Another example, if query has a size of [batch_size = 10, Tq = 9, dim = 4], num_heads a value of 6 and value_dim a value of 5 then the output_kernel size is [num_heads = 6, value_dim = 5, dim = 4].
- value_bias = [num_heads, value_dim]
The size of value_bias depends on the num_heads parameter and the value_dim parameter of the MultiHeadAttention layer. For example, if num_heads has a value of 8 and value_dim a value of 5 then the size of value_bias is [8, 5]. Another example, if num_heads has a value of 6 and value_dim a value of 4 then the size of value_bias is [6, 4].
- value_kernel = [value[2], num_heads, value_dim]
The size of value_kernel depends on the input size of value, the num_heads parameter and the value_dim parameter of the MultiHeadAttention layer. For the input size of value, it will take the value at index 2.
For example, if value has a size of [batch_size = 5, Tv = 3, dim = 2], num_heads a value of 8 and value_dim a value of 5, then the size of value_kernel is [dim = 2, num_heads = 8, value_dim = 5].
Another example, if value has a size of [batch_size = 10, Tv = 9, dim = 4], num_heads a value of 6 and value_dim a value of 5, then the size of value_kernel is [dim = 4, num_heads = 6, value_dim = 5].
- key_bias = [num_heads, key_dim]
The size of key_bias depends on the num_heads parameter and the key_dim parameter of the MultiHeadAttention layer.
For example, if num_heads has a value of 8 and key_dim a value of 5, the size of key_bias is [num_heads = 8, key_dim = 5].
Another example, if num_heads has a value of 6 and key_dim a value of 4, the size of key_bias is [num_heads = 6, key_dim = 4].
- key_kernel = [key[2], num_heads, key_dim]
The size of key_kernel depends on the input size of key, the num_heads parameter and the key_dim parameter of the MultiHeadAttention layer. For the input size of key, it will take the value at index 2.
For example, if key has a size of [batch_size = 5, Tv = 3, dim = 2], num_heads a value of 8 and key_dim a value of 5, then the size of key_kernel is [dim = 2, num_heads = 8, key_dim = 5].

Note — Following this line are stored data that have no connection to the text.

(* Let $K/\mathbb{Q}$ be a finite extension with ring of integers $A$, let $f:A\to\mathbb{N}$ be any function, let $t$ be a positive integer, and let $H(f,t)=\sum_{k\in A}\big(k^{f(k)}(k^t-1)\big)$ be the sum of the principal ideals generated by the elements $k^{f(k)}(k^t-1)$. Then $\ker pr_t\subseteq H(f,t)$; in particular $H(f,t)$ is $t$-congruing.
   Context: For a maximal ideal $\mathfrak p$ of $A$, $H^{\mathfrak p}_t$ is the ideal of the completion $\hat A_{\mathfrak p}$ generated by all $x^t-1$ with $x\in\hat A_{\mathfrak p}^\times$; $pr_t:A\to\prod_{\mathfrak p}\hat A_{\mathfrak p}/H^{\mathfrak p}_t$ (over all maximal ideals) has $\mathfrak p$-component completion followed by reduction mod $H^{\mathfrak p}_t$. An ideal $I$ is $t$-congruing if for every $a\in A$ there is $N\in\mathbb{N}$ with $a^N(a^t-1)\in I$. *)

theory Defs
  imports "HOL-Computational_Algebra.Polynomial" Complex_Main
begin

definition is_subfield :: "complex set \<Rightarrow> bool" where
  "is_subfield K \<longleftrightarrow> 0 \<in> K \<and> 1 \<in> K \<and>
     (\<forall>x\<in>K. \<forall>y\<in>K. x + y \<in> K \<and> x - y \<in> K \<and> x * y \<in> K) \<and>
     (\<forall>x\<in>K. x \<noteq> 0 \<longrightarrow> inverse x \<in> K)"

definition finite_over_rat :: "complex set \<Rightarrow> bool" where
  "finite_over_rat K \<longleftrightarrow>
     (\<exists>B. finite B \<and> B \<subseteq> K \<and> K = {\<Sum>b\<in>B. q b * b | q. \<forall>b. q b \<in> \<rat>})"

definition number_field :: "complex set \<Rightarrow> bool" where
  "number_field K \<longleftrightarrow> is_subfield K \<and> finite_over_rat K"

definition ring_of_integers :: "complex set \<Rightarrow> complex set" where
  "ring_of_integers K = {x \<in> K. algebraic_int x}"

definition is_ideal :: "complex set \<Rightarrow> complex set \<Rightarrow> bool" where
  "is_ideal A I \<longleftrightarrow> I \<subseteq> A \<and> 0 \<in> I \<and> (\<forall>x\<in>I. \<forall>y\<in>I. x + y \<in> I) \<and>
     (\<forall>a\<in>A. \<forall>x\<in>I. a * x \<in> I)"

definition gen_ideal :: "complex set \<Rightarrow> complex set \<Rightarrow> complex set" where
  "gen_ideal A S = \<Inter>{I. is_ideal A I \<and> S \<subseteq> I}"

definition maximal_ideal :: "complex set \<Rightarrow> complex set \<Rightarrow> bool" where
  "maximal_ideal A P \<longleftrightarrow> is_ideal A P \<and> P \<noteq> A \<and>
     (\<forall>J. is_ideal A J \<and> P \<subseteq> J \<longrightarrow> J = P \<or> J = A)"

definition ideal_mult :: "complex set \<Rightarrow> complex set \<Rightarrow> complex set \<Rightarrow> complex set" where
  "ideal_mult A I J = gen_ideal A {x * y | x y. x \<in> I \<and> y \<in> J}"

fun ideal_pow :: "complex set \<Rightarrow> complex set \<Rightarrow> nat \<Rightarrow> complex set" where
  "ideal_pow A P 0 = A"
| "ideal_pow A P (Suc n) = ideal_mult A (ideal_pow A P n) P"

text \<open>The P-adic completion of A, realised as the inverse limit of the rings A / P^n.
  An element is represented by a compatible sequence of representatives x n \<in> A
  (x m \<equiv> x n mod P^n for m \<ge> n); two representatives give the same element
  iff they agree mod P^n for every n.\<close>

definition completion :: "complex set \<Rightarrow> complex set \<Rightarrow> (nat \<Rightarrow> complex) set" where
  "completion A P = {x. (\<forall>n. x n \<in> A) \<and> (\<forall>n m. n \<le> m \<longrightarrow> x m - x n \<in> ideal_pow A P n)}"

definition compl_eq :: "complex set \<Rightarrow> complex set \<Rightarrow> (nat \<Rightarrow> complex) \<Rightarrow> (nat \<Rightarrow> complex) \<Rightarrow> bool" where
  "compl_eq A P x y \<longleftrightarrow> (\<forall>n. x n - y n \<in> ideal_pow A P n)"

definition compl_units :: "complex set \<Rightarrow> complex set \<Rightarrow> (nat \<Rightarrow> complex) set" where
  "compl_units A P = {x \<in> completion A P.
      \<exists>y \<in> completion A P. compl_eq A P (\<lambda>n. x n * y n) (\<lambda>n. 1)}"

text \<open>(Representatives of) the ideal H^P_t of the completion, generated by all
  x^t - 1 with x a unit of the completion: finite combinations
  \<Sum> c_i (x_i^t - 1), with c_i in the completion, up to equality in the completion.\<close>

definition H_loc :: "complex set \<Rightarrow> complex set \<Rightarrow> nat \<Rightarrow> (nat \<Rightarrow> complex) set" where
  "H_loc A P t = {z \<in> completion A P. \<exists>(k::nat) c g.
      (\<forall>i<k. c i \<in> completion A P \<and> g i \<in> compl_units A P) \<and>
      compl_eq A P z (\<lambda>n. \<Sum>i<k. c i n * ((g i n) ^ t - 1))}"

text \<open>Kernel of pr_t: elements whose image in every completion lies in H^P_t
  (the canonical map A \<rightarrow> completion sends a to the constant sequence).\<close>

definition ker_pr :: "complex set \<Rightarrow> nat \<Rightarrow> complex set" where
  "ker_pr A t = {a \<in> A. \<forall>P. maximal_ideal A P \<longrightarrow> (\<lambda>_. a) \<in> H_loc A P t}"

definition H_ft :: "complex set \<Rightarrow> (complex \<Rightarrow> nat) \<Rightarrow> nat \<Rightarrow> complex set" where
  "H_ft A f t = gen_ideal A {k ^ f k * (k ^ t - 1) | k. k \<in> A}"

definition t_congruing :: "complex set \<Rightarrow> nat \<Rightarrow> complex set \<Rightarrow> bool" where
  "t_congruing A t I \<longleftrightarrow> (\<forall>a\<in>A. \<exists>N::nat. a ^ N * (a ^ t - 1) \<in> I)"

end

theory Submission
  imports Defs "HOL-Computational_Algebra.Primes" "Jordan_Normal_Form.Char_Poly"
begin

text \<open>Let \<open>I\<close> be a \<open>t\<close>-congruing ideal and suppose \<open>a \<in> ker pr\<^sub>t\<close> but \<open>a \<notin> I\<close>. Take a maximal
  ideal \<open>P \<supseteq> (I : a)\<close> and let \<open>Q = {y. s y \<in> I for some s \<notin> P}\<close>. As \<open>I\<close> contains the positive
  integer \<open>2\<^sup>N (2\<^sup>t - 1)\<close>, \<open>P\<close> contains a rational prime \<open>p\<close>, and since \<open>A\<close> has finite rank,
  \<open>P\<close> is generated by \<open>p\<close> and finitely many further elements, each of which has a power in \<open>Q\<close>;
  hence \<open>P\<^sup>n \<subseteq> Q\<close> for some \<open>n\<close>. Modulo \<open>P\<^sup>n\<close> a unit \<open>x\<close> of the completion is invertible, so
  \<open>x\<^sup>t - 1 \<in> Q\<close> because \<open>x\<^sup>L (x\<^sup>t - 1) \<in> I\<close>. Thus \<open>a \<in> Q\<close>, i.e. \<open>s a \<in> I\<close> for some \<open>s \<notin> P\<close>,
  contradicting \<open>(I : a) \<subseteq> P\<close>. That the algebraic integers of \<open>K\<close> form a ring is proved via
  characteristic polynomials of integer matrices.\<close>

section \<open>Integer spans and algebraic integers\<close>

definition int_span :: "complex set \<Rightarrow> complex set" where
  "int_span S = range (\<lambda>c. \<Sum>s\<in>S. of_int (c s) * s)"

lemma int_span_base:
  assumes "finite S" and "s \<in> S"
  shows "s \<in> int_span S"
proof -
  have "(\<Sum>u\<in>S. of_int (if u = s then 1 else 0) * u) = (\<Sum>u\<in>S. if u = s then s else 0)"
    by (rule sum.cong) auto
  also have "\<dots> = s" using assms by simp
  finally have "(\<Sum>u\<in>S. of_int (if u = s then 1 else 0) * u) = s" .
  then show ?thesis
    unfolding int_span_def by (intro range_eqI[where x = "\<lambda>u. if u = s then 1 else 0"]) simp
qed

lemma int_span_zero: "0 \<in> int_span S"
  unfolding int_span_def by (rule range_eqI[of _ _ "\<lambda>_. 0"]) simp

lemma int_span_add:
  assumes "x \<in> int_span S" and "y \<in> int_span S"
  shows "x + y \<in> int_span S"
proof -
  obtain c d where "x = (\<Sum>s\<in>S. of_int (c s) * s)" and "y = (\<Sum>s\<in>S. of_int (d s) * s)"
    using assms unfolding int_span_def by blast
  then have "x + y = (\<Sum>s\<in>S. of_int (c s + d s) * s)"
    by (simp add: sum.distrib distrib_right)
  then show ?thesis unfolding int_span_def by (intro range_eqI[where x = "\<lambda>s. c s + d s"])
qed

Another example, if key has a size of [batch_size = 10, Tv = 9, dim = 4], num_heads a value of 6 and key_dim a value of 5, then the size of key_kernel is [dim = 4, num_heads = 6, key_dim = 5].

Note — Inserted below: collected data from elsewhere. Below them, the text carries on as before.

(* Let $n$ and $s$ be integers with $\gcd(s,n)=1$. If $p(x)\in\mathcal L_{n,q}$ satisfies $p(x)=\lambda\, p(x)^{[s]}$ for some $\lambda\in\mathbb F_{q^n}^*$, then $p(x)$ has rank at most one, i.e. $p\in\mathcal U_1$.
   Context: $q$ is a prime power, $[i]:=q^i$. $\mathcal L_{n,q}$ is the set of linearized polynomials $f(x)=\sum_{i=0}^{n-1}a_ix^{[i]}$ with $a_i\in\mathbb F_{q^n}$, identified with the $\mathbb F_q$-linear maps of $\mathbb F_{q^n}$ they induce; the rank of $f$ is the $\mathbb F_q$-dimension of its image. For $f(x)=\sum_i a_ix^{[i]}$, $f(x)^{[s]}$ denotes $x^{[s]}\circ f(x)=\sum_{i=0}^{n-1}a_i^{[s]}x^{[(i+s)\bmod n]}$. $\mathcal U_1$ denotes the set of elements of $\mathcal L_{n,q}$ of rank at most one. *)

theory Defs
  imports "HOL-Algebra.Embedded_Algebras" "HOL-Computational_Algebra.Primes"
begin

text \<open>The field F_{q^n} is a finite HOL-Algebra field R with q^n elements.
  The subfield F_q is the set of fixed points of x \<mapsto> x^q.\<close>

definition Fq :: "('a, 'b) ring_scheme \<Rightarrow> nat \<Rightarrow> 'a set" where
  "Fq R q = {x \<in> carrier R. x [^]\<^bsub>R\<^esub> q = x}"

definition lin_eval :: "('a, 'b) ring_scheme \<Rightarrow> nat \<Rightarrow> nat \<Rightarrow> (nat \<Rightarrow> 'a) \<Rightarrow> 'a \<Rightarrow> 'a" where
  "lin_eval R q n a x = (\<Oplus>\<^bsub>R\<^esub> i \<in> {..<n}. a i \<otimes>\<^bsub>R\<^esub> x [^]\<^bsub>R\<^esub> (q ^ i))"

text \<open>f^[s] = x^[s] composed with f, with s taken modulo n (x^[n] = x on F_{q^n}).\<close>

definition frob_comp :: "('a, 'b) ring_scheme \<Rightarrow> nat \<Rightarrow> nat \<Rightarrow> int \<Rightarrow> ('a \<Rightarrow> 'a) \<Rightarrow> 'a \<Rightarrow> 'a" where
  "frob_comp R q n s f x = (f x) [^]\<^bsub>R\<^esub> (q ^ nat (s mod int n))"

definition lin_rank :: "('a, 'b) ring_scheme \<Rightarrow> nat \<Rightarrow> ('a \<Rightarrow> 'a) \<Rightarrow> nat" where
  "lin_rank R q f = (THE r. ring.dimension R r (Fq R q) (f ` carrier R))"

end

theory Submission
  imports Defs "HOL-Number_Theory.Cong"
begin

text \<open>Every nonzero value y of p satisfies y = \<lambda> y^[t] with t = s mod n. The quotient c of
  two such values is therefore fixed by x \<mapsto> x^[t]; as t is invertible modulo n and x^[n] = x
  on F_{q^n}, it is also fixed by x \<mapsto> x^q, i.e. c \<in> F_q. Hence the image of p is contained in
  an F_q-line, and since p is F_q-linear it is that line (or zero).\<close>

lemma coprime_nat_mod_int:
  fixes s :: int
  assumes "gcd s (int n) = 1" and "n > 0"
  shows "coprime (nat (s mod int n)) n"
proof -
  have "coprime (s mod int n) (int n)"
    using assms by (simp add: gcd_eq_1_imp_coprime coprime_mod_left_iff)
  moreover have "int (nat (s mod int n)) = s mod int n"
    using assms(2) by simp
  ultimately show ?thesis
    by (metis coprime_int_iff)
qed

context monoid begin

lemma pow_power_mult_fixed:
  fixes q t j :: nat
  assumes x: "x \<in> carrier G" and fixed: "x [^] (q ^ t) = x"
  shows "x [^] (q ^ (t * j)) = x"
proof (induction j)
  case 0
  show ?case using x by (simp add: nat_pow_def)
next
  case (Suc j)
  have "x [^] (q ^ (t * Suc j)) = (x [^] (q ^ (t * j))) [^] (q ^ t)"
    using x by (simp add: nat_pow_pow power_add mult.commute)
  then show ?case using Suc fixed by simp
qed

end

context ring begin

lemma Fq_subset: "Fq R q \<subseteq> carrier R"
  by (auto simp: Fq_def)

lemma zero_in_Fq: "q > 0 \<Longrightarrow> \<zero> \<in> Fq R q"
  by (simp add: Fq_def nat_pow_zero)

lemma one_in_Fq: "\<one> \<in> Fq R q"
  by (simp add: Fq_def)

lemma Fq_pow_power: "c \<in> Fq R q \<Longrightarrow> c [^] (q ^ i) = c"
  using pow_power_mult_fixed[of c q 1 i] by (simp add: Fq_def)

end

context cring begin

lemma lin_eval_closed:
  assumes "\<And>i. i < n \<Longrightarrow> a i \<in> carrier R" and "x \<in> carrier R"
  shows "lin_eval R q n a x \<in> carrier R"
  using assms unfolding lin_eval_def by (intro finsum_closed) auto

lemma lin_eval_Fq_smult:
  assumes a: "\<And>i. i < n \<Longrightarrow> a i \<in> carrier R"
    and c_Fq: "c \<in> Fq R q" and x: "x \<in> carrier R"
  shows "lin_eval R q n a (c \<otimes> x) = c \<otimes> lin_eval R q n a x"
proof -
  have c: "c \<in> carrier R"
    using c_Fq by (simp add: Fq_def)
  have "lin_eval R q n a (c \<otimes> x) = (\<Oplus>i \<in> {..<n}. c \<otimes> (a i \<otimes> x [^] (q ^ i)))"
    unfolding lin_eval_def
  proof (rule finsum_cong')
    fix i assume "i \<in> {..<n}"
    then have "a i \<in> carrier R" using a by simp
    moreover have "c [^] (q ^ i) = c"
      using c_Fq by (rule Fq_pow_power)
    ultimately show "a i \<otimes> (c \<otimes> x) [^] (q ^ i) = c \<otimes> (a i \<otimes> x [^] (q ^ i))"
      using c x by (simp add: nat_pow_distrib m_lcomm)
  qed (use a c x in auto)
  also have "\<dots> = c \<otimes> lin_eval R q n a x"
    unfolding lin_eval_def using a c x by (subst finsum_rdistr) auto
  finally show ?thesis .
qed

end

context domain begin

lemma twisted_pow_fixed_points_ratio:
  fixes P :: nat
  assumes lam: "lam \<in> carrier R" and y: "y \<in> carrier R" "y \<noteq> \<zero>" and c: "c \<in> carrier R"
    and fixed_y: "y = lam \<otimes> y [^] P"
    and fixed_cy: "c \<otimes> y = lam \<otimes> (c \<otimes> y) [^] P"
  shows "c [^] P = c"
proof -
  have "c [^] P \<otimes> y = c [^] P \<otimes> (lam \<otimes> y [^] P)"
    using fixed_y by simp
  also have "\<dots> = lam \<otimes> (c \<otimes> y) [^] P"
    using lam y c by (simp add: nat_pow_distrib m_lcomm)
  also have "\<dots> = c \<otimes> y"
    using fixed_cy by simp
  finally show ?thesis
    using m_rcancel[of y "c [^] P" c] y c by simp
qed

end

context field begin

lemma pow_card_carrier:
  assumes fin: "finite (carrier R)" and x: "x \<in> carrier R"
  shows "x [^] card (carrier R) = x"
proof -
  have card_pos: "card (carrier R) > 0"
    using fin card_gt_0_iff by blast
  show ?thesis
  proof (cases "x = \<zero>")
    case True
    then show ?thesis using card_pos by (simp add: nat_pow_zero)
  next
    case False
    interpret units: group "mult_of R" by (rule field_mult_group)
    have "x [^]\<^bsub>mult_of R\<^esub> order (mult_of R) = \<one>\<^bsub>mult_of R\<^esub>"
      using x False by (intro units.pow_order_eq_1) simp
    then have "x [^] (card (carrier R) - 1) = \<one>"
      using order_mult_of[OF fin] by (simp add: nat_pow_mult_of order_def)
    then have "x [^] (card (carrier R) - 1) \<otimes> x = x"
      using x by simp
    then show ?thesis
      using card_pos nat_pow_Suc[of x "card (carrier R) - 1"] by simp
  qed
qed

- query_bias = [num_heads, key_dim]
The size of query_bias depends on the num_heads parameter and the key_dim parameter of the MultiHeadAttention layer.

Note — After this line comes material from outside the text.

(* There exists an absolute constant $C>0$ such that for all $d\ge1$ and $n=2^k$, the number of elementary operations involved in computing the OMADRE predictions $\hat\theta^{OM}_{\rho(1)},\dots,\hat\theta^{OM}_{\rho(N)}$ (for any ordering $\rho$ of $L_{d,n}$ and any data) is at most $C\,N(\log_2 2n)^d$, where $N=n^d$.
   Context: $L_{d,n}=[n]^d$ with $n=2^k$, $N=n^d$. A dyadic interval is a set of integers of the form $((a-1)2^s,a2^s]\cap\mathbb Z$ with integers $0\le s\le k$, $1\le a\le 2^{k-s}$; a dyadic rectangle is a product of $d$ dyadic intervals. The expert family $\mathcal S$ is the set of all dyadic rectangles of $L_{d,n}$. The online averaging rule is $r^{(S)}_{U,s}(y_U)=\bar y_U$ (the mean of $(y_u)_{u\in U}$), with $\bar y_\emptyset=0$. OMADRE is the aggregation algorithm $\mathcal A(\mathbf r,\mathcal S,\lambda)$ with these experts and rule, defined as follows (with $K=L_{d,n}$, an ordering $\rho:[N]\to K$, $\rho[a:b]=\{\rho(a),\dots,\rho(b)\}$, expert predictions $\hat y^{(S)}_{\rho(t)}=r^{(S)}_{\rho[1:t-1]\cap S,\rho(t)}(y_{\rho[1:t-1]\cap S})$, $T_\lambda(x)=\min\{\max\{x,-\lambda\},\lambda\}$): set $\alpha=1/(8\lambda^2)$, $w_{S,1}=1/|\mathcal S|$; for $t=1,\dots,N$: $\rho(t)$ is revealed; $A_t=\{S\in\mathcal S:\rho(t)\in S,\ \rho(t')\in S\text{ for some }t'<t\}$ for $t>1$ and $A_1=\{S:\rho(1)\in S\}$; predict $\hat y_{\rho(t)}=\sum_{S\in A_t}\hat w_{S,t}T_\lambda(\hat y^{(S)}_{\rho(t)})$ with $\hat w_{S,t}=w_{S,t}/\sum_{S'\in A_t}w_{S',t}$; after $y_{\rho(t)}$ is revealed set $w_{S,t+1}=w_{S,t}$ for $S\notin A_t$ and $w_{S,t+1}=\frac{w_{S,t}e^{-\alpha\ell_{S,t}}}{\sum_{S'\in A_t}w_{S',t}e^{-\alpha\ell_{S',t}}}\sum_{S'\in A_t}w_{S',t}$ for $S\in A_t$, where $\ell_{S,t}=(T_\lambda(y_{\rho(t)})-T_\lambda(\hat y^{(S)}_{\rho(t)}))^2$. $\hat\theta^{OM}$ denotes the output $\hat y$. *)

theory Defs
  imports Complex_Main
begin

For example, if num_heads has a value of 8 and key_dim a value of 5, the size of query_bias is [num_heads = 8, key_dim = 5].
Another example, if num_heads has a value of 6 and key_dim a value of 4, the size of query_bias is [num_heads = = 6, key_dim = 4].
- query_kernel = [query[2], num_heads, key_dim]
The size of query_kernel depends on the query input size, the num_heads parameter and the key_dim parameter of the MultiHeadAttention layer. For the query input size, it will take the value at index 2.
For example, if query has a size of [batch_size = 5, Tq = 3, dim = 2], num_heads a value of 8 and key_dim a value of 5, then the size of query_kernel is [dim = 2, num_heads = 8, key_dim = 5].
Another example, if query has a size of [batch_size = 10, Tq = 9, dim = 4], num_heads a value of 6 and key_dim a value of 5, then the size of query_kernel is [dim = 4, num_heads = 6, key_dim = 5].